Vorteile durch Rezeptur in eigener Hand
Neben den bis zu achtmal schnelleren Zyklen im Vergleich zur bisherigen LCTS-Technologie sieht Fiber Dynamics in der DCIM-Technologie vor allem den Vorteil in der eigenen Rezepturhoheit. „Die Fähigkeit, eine Vielzahl verschiedener Rezepturen zu testen und schnell neue zu entwickeln, ist entscheidend für den Erfolg unseres Programms. Extern zusammengesetzte Rezepturen sind für unsere Arbeit in der Regel nicht praktikabel und gefährden den geschützten Charakter unserer Lösungen“, so Darrin Teeter. Die Möglichkeit, auch technische thermoplastische Formteile und thermoplastische Verbundwerkstoffe herzustellen, eröffnen für das Unternehmen zudem eine völlig neue Dimension der Vielseitigkeit und Wertschöpfung.Enge Zusammenarbeit mit führendem Forschungsinstitut NIAR
Wichtiger Partner in diesem Projekt ist das NIAR Institut ATLAS (Advanced Technologies Lab for Aerospace Systems) in Wichita. Mit 1.400 Mitarbeitern und einem jährlichen Forschungsbudget von mehr als 240 Mio. USD ist NIAR (National Institute for Aviation Research) die führende Forschungseinrichtung auf dem Gebiet der Luftfahrt in den USA. Seit Mitte 2023 betreibt ATLAS eine GX 450-1400 in seinem 150.000 m² großen Forschungstechnikum, die unter anderem auch für das FiberForm und ColorForm-Verfahren ausgelegt ist. Darrin Teeter: „Als wir das Potenzial entdeckten, unsere LCTS-Materialien im thermoplastischen Spritzguss herzustellen, konnten wir die Labormaschine bei ATLAS nutzen, um wichtige Prozessvalidierungsprozesse durchzuführen. Die Ergebnisse waren hervorragend, so dass wir uns schnell für den Kauf der DCIM-Anlage entschieden haben.“
Die GX 1100-4300 DCIM Anlage mit einer Schließkraft von 11.000 KN soll im Mai ihre Produktion in Wichita aufnehmen. Hergestellt werden zunächst Werkzeugdorne für Composites-Artikel in Flugzeugen, wie Propellerblätter, Tragflächen oder Fahrwerke. Fiber Dynamics sieht für die Zukunft in der DCIM-Technologie auch großes Potenzial in der Automobil- oder Sportartikelindustrie.

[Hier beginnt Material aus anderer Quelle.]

(* Every nonzero finite-dimensional left $\mathcal{O}_{nc}(B^+)$-comodule $W$ contains a semi-invariant, i.e. a nonzero $w\in W$ with coaction $w\mapsto g\otimes w$ for some grouplike element $g\in\mathcal{O}_{nc}(B^+)$; moreover $g$ can be taken of the form $a^id^j$.
   Context: $\mathcal{O}_{nc}(\mathrm{GL}_2)$ is the Hopf algebra generated by $a,b,c,d,\delta,\delta^{-1}$ with relations $ac=ca$, $bd=db$, $ad-cb=\delta=da-bc$, $\delta\delta^{-1}=1=\delta^{-1}\delta$, $a\delta^{-1}d-b\delta^{-1}c=1=d\delta^{-1}a-c\delta^{-1}b$, $b\delta^{-1}a=a\delta^{-1}b$, $c\delta^{-1}d=d\delta^{-1}c$, with $\Delta(a)=a\otimes a+b\otimes c$, $\Delta(b)=a\otimes b+b\otimes d$, $\Delta(c)=c\otimes a+d\otimes c$, $\Delta(d)=c\otimes b+d\otimes d$, $\Delta(\delta^{\pm1})=\delta^{\pm1}\otimes\delta^{\pm1}$. $\mathcal{O}_{nc}(B^+):=\mathcal{O}_{nc}(\mathrm{GL}_2)/(c)$, a quotient Hopf algebra in which the images of $a,d$ are invertible grouplike elements and $\Delta(b)=a\otimes b+b\otimes d$. $k$ algebraically closed. *)

theory Defs
  imports "HOL-Computational_Algebra.Polynomial"
begin

datatype gen = GA | GB | GC | GD | GDel | GDelInv

text \<open>Elements of the free algebra: functions from words to coefficients (finitely supported).
  Elements of the tensor square of the free algebra: functions on pairs of words.\<close>
type_synonym 'k fa = "gen list \<Rightarrow> 'k"
type_synonym 'k fa2 = "gen list \<times> gen list \<Rightarrow> 'k"
(* Let $\Bbbk$ be a field of characteristic $0$ and $A=\Bbbk\langle s,t\rangle$ over $B=\Bbbk$. Consider a double bracket on $A$ with $\{\!\{t,t\}\!\}=\lambda(t\otimes1-1\otimes t)+\mu(t^2\otimes1-1\otimes t^2)+\nu(t^2\otimes t-t\otimes t^2)$, $\{\!\{s,s\}\!\}=l(s\otimes1-1\otimes s)+m(s^2\otimes1-1\otimes s^2)+n(s^2\otimes s-s\otimes s^2)$, with $4(\mu^2-\lambda\nu)=1$, $4(m^2-ln)=1$, and $\{\!\{t,s\}\!\}=\alpha_0t^2\otimes1+\alpha_0'1\otimes t^2+\beta_0s^2\otimes1+\beta_0'1\otimes s^2+\gamma_0t\otimes t+\gamma_1s\otimes s+\alpha_1ts\otimes1+\alpha_1'st\otimes1+\alpha_2t\otimes s+\alpha_2's\otimes t+\alpha_31\otimes ts+\alpha_3'1\otimes st+\beta_1t\otimes1+\beta_1'1\otimes t+\beta_2s\otimes1+\beta_2'1\otimes s+\gamma1\otimes1$, all coefficients in $\Bbbk$. If this double bracket is quasi-Poisson, then it is isomorphic (as a double quasi-Poisson algebra) to one of the following: Case 1: for $\gamma_0,\gamma_1\in\Bbbk$, $\mu=\pm\frac12$, $\alpha\in\Bbbk$ with $\alpha^2=\frac14+\gamma_0\gamma_1$: $\{\!\{t,t\}\!\}=\mu(t^2\otimes1-1\otimes t^2)$, $\{\!\{s,s\}\!\}=\mu(s^2\otimes1-1\otimes s^2)$, $\{\!\{t,s\}\!\}=\gamma_0t\otimes t+\gamma_1s\otimes s+\mu(st\otimes1-1\otimes ts)+\alpha(t\otimes s+s\otimes t)$; Case 2: for $\gamma\in\Bbbk$, $\alpha,\mu=\pm\frac12$: $\{\!\{t,t\}\!\}=\mu(t^2\otimes1-1\otimes t^2)$, $\{\!\{s,s\}\!\}=-\mu(s^2\otimes1-1\otimes s^2)$, $\{\!\{t,s\}\!\}=\alpha(st\otimes1+1\otimes ts)+\mu(s\otimes t-t\otimes s)+\gamma1\otimes1$; Case 3: for $m,\mu=\pm\frac12$: $\{\!\{t,t\}\!\}=\mu(t^2\otimes1-1\otimes t^2)$, $\{\!\{s,s\}\!\}=m(s^2\otimes1-1\otimes s^2)$, $\{\!\{t,s\}\!\}=\mu(st\otimes1-t\otimes s+s\otimes t-1\otimes ts)$; Case 4: for $\alpha,m,\mu=\pm\frac12$: $\{\!\{t,t\}\!\}=\mu(t^2\otimes1-1\otimes t^2)$, $\{\!\{s,s\}\!\}=m(s^2\otimes1-1\otimes s^2)$, $\{\!\{t,s\}\!\}=\alpha(st\otimes1-t\otimes s-s\otimes t+1\otimes ts)$; Case 5: for $n\in\Bbbk^\times$, $\alpha,\mu=\pm\frac12$: $\{\!\{t,t\}\!\}=\mu(t^2\otimes1-1\otimes t^2)$, $\{\!\{s,s\}\!\}=\frac{-1}{4n}(s\otimes1-1\otimes s)+n(s^2\otimes s-s\otimes s^2)$, $\{\!\{t,s\}\!\}=\alpha(st\otimes1-t\otimes s-s\otimes t+1\otimes ts)$; Case 6: for $n\in\Bbbk^\times$, $\mu=\pm\frac12$: $\{\!\{t,t\}\!\}=\mu(t^2\otimes1-1\otimes t^2)$, $\{\!\{s,s\}\!\}=\frac{-1}{4n}(s\otimes1-1\otimes s)+n(s^2\otimes s-s\otimes s^2)$, $\{\!\{t,s\}\!\}=\mu(st\otimes1-t\otimes s+s\otimes t-1\otimes ts)$; Case 7: for $n,\nu\in\Bbbk^\times$, $\alpha=\pm\frac12$: $\{\!\{t,t\}\!\}=\frac{-1}{4\nu}(t\otimes1-1\otimes t)+\nu(t^2\otimes t-t\otimes t^2)$, $\{\!\{s,s\}\!\}=\frac{-1}{4n}(s\otimes1-1\otimes s)+n(s^2\otimes s-s\otimes s^2)$, $\{\!\{t,s\}\!\}=\alpha(st\otimes1-t\otimes s-s\otimes t+1\otimes ts)$.
   Context: $\otimes=\otimes_\Bbbk$; Sweedler notation $d=d'\otimes d''$; outer structure $x(d'\otimes d'')y=xd'\otimes d''y$. A double bracket on $A$ is a $\Bbbk$-bilinear map $A\times A\to A\otimes A$ with $\{\!\{a,b\}\!\}=-\{\!\{b,a\}\!\}''\otimes\{\!\{b,a\}\!\}'$ and $\{\!\{a,bc\}\!\}=\{\!\{a,b\}\!\}c+b\{\!\{a,c\}\!\}$; it is determined by its values on $s,t$. Triple bracket: $\{\!\{a,b,c\}\!\}=\{\!\{a,\{\!\{b,c\}\!\}'\}\!\}\otimes\{\!\{b,c\}\!\}''+\tau\{\!\{b,\{\!\{c,a\}\!\}'\}\!\}\otimes\{\!\{c,a\}\!\}''+\tau^2\{\!\{c,\{\!\{a,b\}\!\}'\}\!\}\otimes\{\!\{a,b\}\!\}''$, $\tau(x_1\otimes x_2\otimes x_3)=x_3\otimes x_1\otimes x_2$. Quasi-Poisson (over $B=\Bbbk$): $\{\!\{a,b,c\}\!\}=\frac14(ca\otimes b\otimes1-ca\otimes1\otimes b-c\otimes ab\otimes1+c\otimes a\otimes b-a\otimes b\otimes c+a\otimes1\otimes bc+1\otimes ab\otimes c-1\otimes a\otimes bc)$ for all $a,b,c$. Two double quasi-Poisson algebras $(A,\{\!\{\}\!\})$, $(A,\{\!\{\}\!\}')$ over $\Bbbk$ are isomorphic if there is a $\Bbbk$-algebra isomorphism $\psi:A\to A$ with $(\psi\otimes\psi)\{\!\{a,b\}\!\}=\{\!\{\psi(a),\psi(b)\}\!\}'$ for all $a,b$. *)

theory Defs
  imports Main
begin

Das DCIM-Verfahren kombiniert Spritzgießen und Compoundieren in einem Prozess. Ein Einschneckenextruder übernimmt die Materialaufbereitung, wodurch das Verfahren besonders für kleinere Bauteile mit einem Schussgewicht von 50 bis 2.000 g wirtschaftlich attraktiv ist. Materialeinsparungen von bis zu 50 % pro Kilogramm können somit erzielt werden.
Der gesamte Prozess vollzieht sich in einer Wärme, denn die compoundierte Schmelze gelangt ohne Zwischenstopp oder Abkühlung in die Plastifizierung der Spritzgießmaschine. Auf diese Weise verringert sich der Polymerabbau, Energiekosten werden eingespart und der CO2-Fußabdruck reduziert.